Following on from - "Tales from The Dog House" earlier (a lighter-hearted folly) - I thought I'd mention something that I have learnt over the years (through actual repeated observation) and something that I value and pass-on to all of our customers.

Again - I must point out that these are just my own meanderings - they are open and honest views I hold and actually think relevant enough about to share - and am more than willing to listen and take-on anyone else's views especially if they don't exactly match my own.

With puppy toilet training - we ourselves suggest that a 36" crate is fitted out with a piece of Vet-Bed (cut to the size of the base of the crate - but folded in half for puppy) with the front half of the crate lined with newspaper - so if puppy needs to go to the toilet during the night - they will normally go on the newspaper.

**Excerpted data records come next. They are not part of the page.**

(* Let $A$ be a system of $n_A$ qubits and $B$ a system of $n_B$ qubits, let $\rho_{A_1B_1}$ be a state at time $t_1$, and let $\mathcal{P}$ be a CPTP map from $AB$ at time $t_1$ to $AB$ at time $t_2$. Let $R_{A_1B_1A_2B_2}$ be the two-time pseudo-density matrix of the full system $AB$ and $R_{A_1B_2}$ the pseudo-density matrix constructed from measurements on $A$ at $t_1$ and on $B$ at $t_2$ (both defined in the context). Then $R_{A_1B_2}=\mathrm{Tr}_{B_1A_2}R_{A_1B_1A_2B_2}$.
   Context: Pauli matrices $\sigma_0=\mathbb{1},\sigma_1,\sigma_2,\sigma_3$; multi-qubit Pauli matrices are tensor products of these. The coarse-grained measurement of a Pauli matrix $\Sigma$ on $AB$ is $\{(\mathbb{1}\pm\Sigma)/2\}$ with outcomes $\pm1$ and Lüders update $\rho\mapsto P_\pm\rho P_\pm$. For Paulis $\Sigma_1,\Sigma_2$ on $AB$, $\langle\Sigma_1,\Sigma_2\rangle$ is the expected product of outcomes in: prepare $\rho_{A_1B_1}$, coarse-grained measurement of $\Sigma_1$ at $t_1$, apply $\mathcal{P}$, coarse-grained measurement of $\Sigma_2$ at $t_2$. Then $R_{A_1B_1A_2B_2}=2^{-2(n_A+n_B)}\sum \langle\sigma_i^{A}\otimes\sigma_j^{B},\sigma_k^{A}\otimes\sigma_l^{B}\rangle\,\sigma_i^{A_1}\otimes\sigma_j^{B_1}\otimes\sigma_k^{A_2}\otimes\sigma_l^{B_2}$ (sum over all multi-qubit Paulis $\sigma_i,\sigma_k$ on $A$ and $\sigma_j,\sigma_l$ on $B$), and $R_{A_1B_2}=2^{-(n_A+n_B)}\sum_{i,l}\langle\sigma_i^A\otimes\mathbb{1}_B,\mathbb{1}_A\otimes\sigma_l^B\rangle\,\sigma_i^{A_1}\otimes\sigma_l^{B_2}$. *)

theory Defs
  imports Complex_Main "Jordan_Normal_Form.Matrix"
begin

definition tr :: "complex mat \<Rightarrow> complex" where
  "tr M = (\<Sum>i<dim_row M. M $$ (i, i))"

text \<open>Kronecker (tensor) product, standard ordering: row index of A is the
  more significant digit, i.e. (A \<otimes> B)(a*rB+b, a'*cB+b') = A(a,a') B(b,b').\<close>
definition kron :: "complex mat \<Rightarrow> complex mat \<Rightarrow> complex mat" where
  "kron A B = mat (dim_row A * dim_row B) (dim_col A * dim_col B)
     (\<lambda>(i, j). A $$ (i div dim_row B, j div dim_col B) * B $$ (i mod dim_row B, j mod dim_col B))"

definition psd :: "nat \<Rightarrow> complex mat \<Rightarrow> bool" where
  "psd d M \<longleftrightarrow> M \<in> carrier_mat d d \<and>
     (\<forall>v \<in> carrier_vec d. let q = (\<Sum>i<d. cnj (v $ i) * (M *\<^sub>v v) $ i) in Im q = 0 \<and> 0 \<le> Re q)"

definition density :: "nat \<Rightarrow> complex mat \<Rightarrow> bool" where
  "density d \<rho> \<longleftrightarrow> psd d \<rho> \<and> tr \<rho> = 1"

text \<open>(id_k \<otimes> \<Phi>) applied to a (k*d) x (k*d) matrix, acting blockwise.\<close>
definition ampl :: "nat \<Rightarrow> nat \<Rightarrow> (complex mat \<Rightarrow> complex mat) \<Rightarrow> complex mat \<Rightarrow> complex mat" where
  "ampl k d \<Phi> X = mat (k * d) (k * d)
     (\<lambda>(i, j). \<Phi> (mat d d (\<lambda>(r, c). X $$ (i div d * d + r, j div d * d + c))) $$ (i mod d, j mod d))"

definition cptp :: "nat \<Rightarrow> (complex mat \<Rightarrow> complex mat) \<Rightarrow> bool" where
  "cptp d \<Phi> \<longleftrightarrow>
     (\<forall>X \<in> carrier_mat d d. \<Phi> X \<in> carrier_mat d d) \<and>
     (\<forall>X \<in> carrier_mat d d. \<forall>Y \<in> carrier_mat d d. \<Phi> (X + Y) = \<Phi> X + \<Phi> Y) \<and>
     (\<forall>X \<in> carrier_mat d d. \<forall>c. \<Phi> (c \<cdot>\<^sub>m X) = c \<cdot>\<^sub>m \<Phi> X) \<and>
     (\<forall>X \<in> carrier_mat d d. tr (\<Phi> X) = tr X) \<and>
     (\<forall>k>0. \<forall>X. psd (k * d) X \<longrightarrow> psd (k * d) (ampl k d \<Phi> X))"

definition sigma :: "nat \<Rightarrow> complex mat" where
  "sigma k = (if k = 1 then mat_of_rows_list 2 [[0, 1], [1, 0]]
     else if k = 2 then mat_of_rows_list 2 [[0, -\<i>], [\<i>, 0]]
     else if k = 3 then mat_of_rows_list 2 [[1, 0], [0, -1]]
     else 1\<^sub>m 2)"

definition pauli_strings :: "nat \<Rightarrow> nat list set" where
  "pauli_strings n = {ps. length ps = n \<and> set ps \<subseteq> {0..<4}}"

definition pauli :: "nat list \<Rightarrow> complex mat" where
  "pauli ps = foldr (\<lambda>k M. kron (sigma k) M) ps (1\<^sub>m 1)"

abbreviation idp :: "nat \<Rightarrow> nat list" where
  "idp n \<equiv> replicate n 0"

text \<open>Projector (1 + s \<Sigma>)/2 for outcome s = +1/-1.\<close>
definition cg_proj :: "nat \<Rightarrow> complex mat \<Rightarrow> int \<Rightarrow> complex mat" where
  "cg_proj d S s = (1 / 2 :: complex) \<cdot>\<^sub>m (1\<^sub>m d + of_int s \<cdot>\<^sub>m S)"

text \<open>Expected product of outcomes: prepare \<rho>, coarse-grained measurement of S1
  (Lueders update), apply \<Phi>, coarse-grained measurement of S2.\<close>
definition corr :: "nat \<Rightarrow> complex mat \<Rightarrow> (complex mat \<Rightarrow> complex mat) \<Rightarrow> complex mat \<Rightarrow> complex mat \<Rightarrow> complex" where
  "corr d \<rho> \<Phi> S1 S2 = (\<Sum>s1\<in>{1, -1::int}. \<Sum>s2\<in>{1, -1::int}.
      of_int (s1 * s2) *
      tr (cg_proj d S2 s2 * \<Phi> (cg_proj d S1 s1 * \<rho> * cg_proj d S1 s1) * cg_proj d S2 s2))"

definition pAB :: "nat list \<Rightarrow> nat list \<Rightarrow> complex mat" where
  "pAB i j = kron (pauli i) (pauli j)"

text \<open>Two-time PDM on A1 B1 A2 B2 (tensor order A1, B1, A2, B2).\<close>
definition R4 :: "nat \<Rightarrow> nat \<Rightarrow> complex mat \<Rightarrow> (complex mat \<Rightarrow> complex mat) \<Rightarrow> complex mat" where
  "R4 nA nB \<rho> \<Phi> = (let D = 2 ^ nA * 2 ^ nB in
     mat (D * D) (D * D) (\<lambda>(r, c).
       (1 / 2 ^ (2 * (nA + nB))) *
       (\<Sum>i\<in>pauli_strings nA. \<Sum>j\<in>pauli_strings nB. \<Sum>k\<in>pauli_strings nA. \<Sum>l\<in>pauli_strings nB.
          corr D \<rho> \<Phi> (pAB i j) (pAB k l) *
          kron (kron (kron (pauli i) (pauli j)) (pauli k)) (pauli l) $$ (r, c))))"

text \<open>PDM on A1 B2 from measurements of A at t1 and B at t2 (tensor order A1, B2).\<close>
definition R2 :: "nat \<Rightarrow> nat \<Rightarrow> complex mat \<Rightarrow> (complex mat \<Rightarrow> complex mat) \<Rightarrow> complex mat" where
  "R2 nA nB \<rho> \<Phi> = (let D = 2 ^ nA * 2 ^ nB in
     mat D D (\<lambda>(r, c).
       (1 / 2 ^ (nA + nB)) *
       (\<Sum>i\<in>pauli_strings nA. \<Sum>l\<in>pauli_strings nB.
          corr D \<rho> \<Phi> (pAB i (idp nB)) (pAB (idp nA) l) *
          kron (pauli i) (pauli l) $$ (r, c))))"

text \<open>Partial trace over the middle factor Y of X \<otimes> Y \<otimes> Z (dimensions dX, dY, dZ).\<close>
definition ptrace_mid :: "nat \<Rightarrow> nat \<Rightarrow> nat \<Rightarrow> complex mat \<Rightarrow> complex mat" where
  "ptrace_mid dX dY dZ M = mat (dX * dZ) (dX * dZ) (\<lambda>(i, j).
     \<Sum>y<dY. M $$ ((i div dZ * dY + y) * dZ + i mod dZ, (j div dZ * dY + y) * dZ + j mod dZ))"

end

theory Submission
  imports Defs
begin

(* Tracing out the middle factor of a Kronecker product X \<otimes> Y \<otimes> Z leaves tr Y \<cdot> (X \<otimes> Z), and
   this partial trace is linear. Applied to the Pauli expansion of R4 it replaces each term
   \<sigma>_i \<otimes> \<sigma>_j \<otimes> \<sigma>_k \<otimes> \<sigma>_l by tr \<sigma>_j tr \<sigma>_k (\<sigma>_i \<otimes> \<sigma>_l). A Pauli string is traceless unless it is the
   identity, whose trace is the dimension, so only the terms with j = k = 0 survive; they carry the
   factor 2^(nA+nB), which turns the normalisation of R4 into that of R2, and their coefficients
   are exactly the correlations defining R2. *)

lemma sum_lessThan_mult_nat:
  fixes a b :: nat
  shows "(\<Sum>i<a * b. g i) = (\<Sum>p<a. \<Sum>q<b. g (p * b + q))"
proof -
  have "(\<Sum>i<a * b. g i) = (\<Sum>p<a. sum g {p * b..<p * b + b})"
    using sum.nat_group[of g b a] by simp
  also have "\<dots> = (\<Sum>p<a. \<Sum>q<b. g (p * b + q))"
  proof (rule sum.cong[OF refl])
    fix p
    show "sum g {p * b..<p * b + b} = (\<Sum>q<b. g (p * b + q))"
      using sum.shift_bounds_nat_ivl[of g 0 "p * b" b]
      by (simp add: atLeast0LessThan add.commute)
  qed
  finally show ?thesis .
qed

lemma mult_add_less_mult_nat:
  fixes p q a b :: nat
  assumes "p < a" "q < b"
  shows "p * b + q < a * b"
proof -
  have "p * b + q < Suc p * b" using \<open>q < b\<close> by simp
  also have "\<dots> \<le> a * b" by (rule mult_le_mono1) (use \<open>p < a\<close> in simp)
  finally show ?thesis .
qed

lemma mod_mult_div_nat: "(i::nat) mod (b * c) div c = i div c mod b"
  by (cases "c = 0") (simp_all add: mod_mult2_eq mult.commute[of b c])

lemma dim_kron [simp]:
  "dim_row (kron A B) = dim_row A * dim_row B"
  "dim_col (kron A B) = dim_col A * dim_col B"
  by (simp_all add: kron_def)

lemma kron_carrier_mat:
  "A \<in> carrier_mat a a' \<Longrightarrow> B \<in> carrier_mat b b' \<Longrightarrow> kron A B \<in> carrier_mat (a * b) (a' * b')"
  unfolding carrier_mat_def by simp

lemma index_kron:
  assumes "i < dim_row A * dim_row B" "j < dim_col A * dim_col B"
  shows "kron A B $$ (i, j) =
    A $$ (i div dim_row B, j div dim_col B) * B $$ (i mod dim_row B, j mod dim_col B)"
  using assms by (simp add: kron_def)

lemma index_kron_mult_add:
  assumes "A \<in> carrier_mat a a'" "B \<in> carrier_mat b b'"
    and "p < a" "q < b" "p' < a'" "q' < b'"
  shows "kron A B $$ (p * b + q, p' * b' + q') = A $$ (p, p') * B $$ (q, q')"
  using assms mult_add_less_mult_nat[of p a q b] mult_add_less_mult_nat[of p' a' q' b']
  by (simp add: index_kron)

lemma kron_assoc: "kron (kron A B) C = kron A (kron B C)"
proof (rule eq_matI)
  let ?rB = "dim_row B" and ?rC = "dim_row C" and ?cB = "dim_col B" and ?cC = "dim_col C"
  fix i j
  assume "i < dim_row (kron A (kron B C))" "j < dim_col (kron A (kron B C))"
  then have i: "i < dim_row A * ?rB * ?rC" and j: "j < dim_col A * ?cB * ?cC"
    by (simp_all add: mult.assoc)
  then have "0 < ?rB * ?rC" "0 < ?cB * ?cC"
    by (metis gr0I mult.assoc mult_0_right not_less_zero)+
  then have "kron A (kron B C) $$ (i, j) =
      A $$ (i div (?rB * ?rC), j div (?cB * ?cC)) *
      (B $$ (i mod (?rB * ?rC) div ?rC, j mod (?cB * ?cC) div ?cC) *
       C $$ (i mod (?rB * ?rC) mod ?rC, j mod (?cB * ?cC) mod ?cC))"
    using i j by (simp add: index_kron mult.assoc)
  also have "\<dots> = A $$ (i div ?rC div ?rB, j div ?cC div ?cB) *
      B $$ (i div ?rC mod ?rB, j div ?cC mod ?cB) * C $$ (i mod ?rC, j mod ?cC)"
  proof -
    have "i div (?rB * ?rC) = i div ?rC div ?rB" "j div (?cB * ?cC) = j div ?cC div ?cB"
      by (metis div_mult2_eq mult.commute)+
    moreover have "i mod (?rB * ?rC) mod ?rC = i mod ?rC" "j mod (?cB * ?cC) mod ?cC = j mod ?cC"
      by (simp_all add: mod_mod_cancel)
    ultimately show ?thesis
      by (simp only: mod_mult_div_nat mult.assoc)
  qed
  also have "\<dots> = kron (kron A B) C $$ (i, j)"
    using i j by (simp add: index_kron less_mult_imp_div_less)
  finally show "kron (kron A B) C $$ (i, j) = kron A (kron B C) $$ (i, j)" ..
qed (simp_all add: mult.assoc)

lemma tr_kron:
  assumes "A \<in> carrier_mat a a" "B \<in> carrier_mat b b"
  shows "tr (kron A B) = tr A * tr B"
proof -
  have "tr (kron A B) = (\<Sum>p<a. \<Sum>q<b. kron A B $$ (p * b + q, p * b + q))"
    using assms by (simp add: tr_def sum_lessThan_mult_nat)
  also have "\<dots> = (\<Sum>p<a. \<Sum>q<b. A $$ (p, p) * B $$ (q, q))"
    using index_kron_mult_add[OF assms] by simp
  also have "\<dots> = tr A * tr B"
    using assms by (simp add: tr_def sum_product)
  finally show ?thesis .
qed

lemma ptrace_mid_index_less:
  fixes i y :: nat
  assumes "i < dX * dZ" "y < dY"
  shows "(i div dZ * dY + y) * dZ + i mod dZ < dX * dY * dZ"
proof -
  have "0 < dZ" using assms(1) by (cases dZ) auto
  have "i div dZ < dX" using assms(1) by (simp add: less_mult_imp_div_less)
  then have "i div dZ * dY + y < dX * dY" using assms(2) by (rule mult_add_less_mult_nat)
  then show ?thesis using \<open>0 < dZ\<close> by (simp add: mult_add_less_mult_nat)
qed

lemma ptrace_mid_lincomb:
  fixes f :: "'a \<Rightarrow> complex" and M :: "'a \<Rightarrow> complex mat"
  assumes "i < dX * dZ" "j < dX * dZ"
  shows "ptrace_mid dX dY dZ (mat (dX * dY * dZ) (dX * dY * dZ) (\<lambda>rc. \<Sum>x\<in>S. f x * M x $$ rc)) $$ (i, j)
       = (\<Sum>x\<in>S. f x * ptrace_mid dX dY dZ (M x) $$ (i, j))"
proof -
  let ?row = "\<lambda>i y. (i div dZ * dY + y) * dZ + i mod dZ"
  have "ptrace_mid dX dY dZ (mat (dX * dY * dZ) (dX * dY * dZ) (\<lambda>rc. \<Sum>x\<in>S. f x * M x $$ rc)) $$ (i, j)
      = (\<Sum>y<dY. \<Sum>x\<in>S. f x * M x $$ (?row i y, ?row j y))"
    using assms ptrace_mid_index_less[OF assms(1)] ptrace_mid_index_less[OF assms(2)]
    by (simp add: ptrace_mid_def)
  also have "\<dots> = (\<Sum>x\<in>S. f x * (\<Sum>y<dY. M x $$ (?row i y, ?row j y)))"
    by (simp add: sum_distrib_left sum.swap[of _ "{..<dY}"])
  also have "\<dots> = (\<Sum>x\<in>S. f x * ptrace_mid dX dY dZ (M x) $$ (i, j))"
    using assms by (simp add: ptrace_mid_def)
  finally show ?thesis .
qed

Bearing in mind that (in our own personal experience) that the crate is the first place that puppy will want to keep clean - it's their sanctuary - their den - and they understand that very quickly..............but this is another thread if need be. x

IF your young puppy has an accident and goes for a No 2 in your house when let free to play in it's early days - then (if you can actually deal with it) pick it up in a piece of tissue paper (whilst the puppy can't witness you doing it) - and place it in a part of your garden that you actually WANT your puppy to use as it's "toilet" (say in a quiet corner or just behind the shed - or near your compost heap etc etc) and leave it there for a few days before disposing of it. 
IF you take your puppy outside and it goes for a No 2 as a matter of course - again pick it up (when not in puppy's sight) as soon a you can and put it in the same place as before (for a couple of days again) - you may only need to do this for say a week (but make sure to do it every time it goes) - and you may then find that puppy will go to "that" place automatically - without prompting (and if so give praise).

What you have done (if you stick to the regime) is "scent-mark" that area - and then your dog should always associate that area as "dumping ground" so to speak.........Please note that this is only for No2's - as all dogs will wee as and when it is needed. 

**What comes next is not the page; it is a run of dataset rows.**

lemma inj_Wk_theory: "inj Wk_theory"
proof (rule injI)
  fix S T
  assume "Wk_theory S = Wk_theory T"
  then have "m \<notin> S \<longleftrightarrow> m \<notin> T" for m
    using Wk_theory_separates[of m S] Wk_theory_separates[of m T] by simp
  then show "S = T"
    by blast
qed

lemma uncountable_nat_sets: "uncountable (UNIV :: nat set set)"
proof
  assume "countable (UNIV :: nat set set)"
  then have "range (from_nat_into (UNIV :: nat set set)) = Pow UNIV"
    by simp
  then show False
    using Cantors_theorem[of "UNIV :: nat set"] by blast
qed

theorem corollary1:
  shows "\<not> countable subvariety_theories"
proof
  assume "countable subvariety_theories"
  moreover have "range Wk_theory \<subseteq> subvariety_theories"
    using equational_theory_Wk_theory Id_M_subset_Wk_theory by (auto simp: subvariety_theories_def)
  ultimately have "countable (range Wk_theory)"
    by (rule countable_subset[rotated])
  then have "countable (UNIV :: nat set set)"
    using inj_Wk_theory by (rule countable_image_inj_on)
  then show False
    using uncountable_nat_sets by contradiction
qed

end
lemma prime_sum_Psi_quotient_approx:
  fixes x u h V X\<^sub>0 \<epsilon>' :: real and K :: nat
  assumes x: "x > 1" and u: "1 < u" "u \<le> V + 1" and K: "K > 0" and h: "h = (u - 1) / real K"
    and X\<^sub>0: "X\<^sub>0 \<ge> 1" and \<epsilon>': "\<epsilon>' \<ge> 0"
    and unif: "\<And>z. z \<ge> X\<^sub>0 \<Longrightarrow> Psi_uniform_approx V \<epsilon>' z"
    and nonneg: "\<And>v. 0 \<le> v \<Longrightarrow> v \<le> V \<Longrightarrow> 0 \<le> dickman_rho v"
  defines "E \<equiv> \<lambda>p::nat. (\<epsilon>' + (if x / X\<^sub>0 < real p then 1 else 0)) * x / real p"
  shows "\<bar>prime_sum (x powr (1 / u)) x (\<lambda>p. real (Psi (x / real p) (real p))) - (1 - dickman_rho u) * x\<bar>
    \<le> h * x + 8 * u * real K * x / ln x + prime_sum (x powr (1 / u)) x E"
proof -
  let ?S = "prime_sum (x powr (1 / u)) x"
  let ?F = "\<lambda>p. real (Psi (x / real p) (real p))"
  let ?\<rho> = "\<lambda>j. dickman_rho (real j * h)"
  let ?c = "8 * u / ln x"
  note blocks = prime_sum_Psi_quotient_blocks[OF x u K h X\<^sub>0 \<epsilon>' unif nonneg, folded E_def]
  have c: "0 \<le> x * ?c" using x u by simp
  have rho: "0 \<le> ?\<rho> j" "?\<rho> j \<le> 1" if "j \<le> K" for j
  proof -
    have "real j * h \<le> real K * h" using that u K h by (intro mult_right_mono) auto
    then show "0 \<le> ?\<rho> j" "?\<rho> j \<le> 1"
      using dickman_rho_bounds[OF nonneg, of "real j * h"] u K h by auto
  qed
  have riemann: "1 - dickman_rho u - h \<le> (\<Sum>j<K. h * (?\<rho> (Suc j) / (1 + real (Suc j) * h)))"
      "(\<Sum>j<K. h * (?\<rho> j / (1 + real j * h))) \<le> 1 - dickman_rho u + h"
    using dickman_rho_riemann_sums[OF u(1) K h] nonneg u by auto
  have "(1 - dickman_rho u) * x - h * x - 8 * u * real K * x / ln x - ?S E
      \<le> x * (\<Sum>j<K. h * (?\<rho> (Suc j) / (1 + real (Suc j) * h))) - real K * (x * ?c) - ?S E"
    using mult_left_mono[OF riemann(1), of x] x by (simp add: algebra_simps)
  also have "\<dots> = (\<Sum>j<K. x * (h * (?\<rho> (Suc j) / (1 + real (Suc j) * h))) - x * ?c) - ?S E"
    by (simp add: sum_subtractf sum_distrib_left)
  also have "\<dots> \<le> (\<Sum>j<K. (x * ?\<rho> (Suc j)) * (h / (1 + real (Suc j) * h) - ?c)) - ?S E"
  proof (intro diff_right_mono sum_mono)
    fix j assume "j \<in> {..<K}"
    then have "(x * ?c) * ?\<rho> (Suc j) \<le> x * ?c" using rho[of "Suc j"] c by (intro mult_left_le) auto
    then show "x * (h * (?\<rho> (Suc j) / (1 + real (Suc j) * h))) - x * ?c
        \<le> (x * ?\<rho> (Suc j)) * (h / (1 + real (Suc j) * h) - ?c)"
      by (simp add: algebra_simps)
  qed
  also have "\<dots> \<le> ?S ?F" by (rule blocks(1))
  finally have lower: "(1 - dickman_rho u) * x - h * x - 8 * u * real K * x / ln x - ?S E \<le> ?S ?F" .
  have "?S ?F \<le> (\<Sum>j<K. (x * ?\<rho> j) * (h / (1 + real j * h) + ?c)) + ?S E" by (rule blocks(2))
  also have "\<dots> \<le> (\<Sum>j<K. x * (h * (?\<rho> j / (1 + real j * h))) + x * ?c) + ?S E"
  proof (intro add_right_mono sum_mono)
    fix j assume "j \<in> {..<K}"
    then have "(x * ?c) * ?\<rho> j \<le> x * ?c" using rho[of j] c by (intro mult_left_le) auto
    then show "(x * ?\<rho> j) * (h / (1 + real j * h) + ?c) \<le> x * (h * (?\<rho> j / (1 + real j * h))) + x * ?c"
      by (simp add: algebra_simps)
  qed
  also have "\<dots> = x * (\<Sum>j<K. h * (?\<rho> j / (1 + real j * h))) + real K * (x * ?c) + ?S E"
    by (simp add: sum.distrib sum_distrib_left)
  also have "\<dots> \<le> (1 - dickman_rho u) * x + h * x + 8 * u * real K * x / ln x + ?S E"
    using mult_left_mono[OF riemann(2), of x] x by (simp add: algebra_simps)
  finally have upper: "?S ?F \<le> (1 - dickman_rho u) * x + h * x + 8 * u * real K * x / ln x + ?S E" .
  from lower upper show ?thesis by (simp add: abs_le_iff)
qed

We have passed this snippet on to several people who have come back with amazement that it works - and some people with beautifully manicured gardens - or several very young children who may be concerned about letting them run the gauntlet in a possible "Poo mine-field" have found this info more than valuable.

Stephen x


----------



## strof51 (Sep 26, 2009)

We have a lawn that is split in two by a path and Poppy does her no2's only on one side but we did not train her to do this it was just the part of the lawn that is closest to the door. So success by accident and it does make it easy to clean up.
Great tip.


----------



## sharplesfamily (Apr 28, 2011)

Brilliant tip! Will definitely try that, thanks!! Keep the tips coming!!

Harri x


----------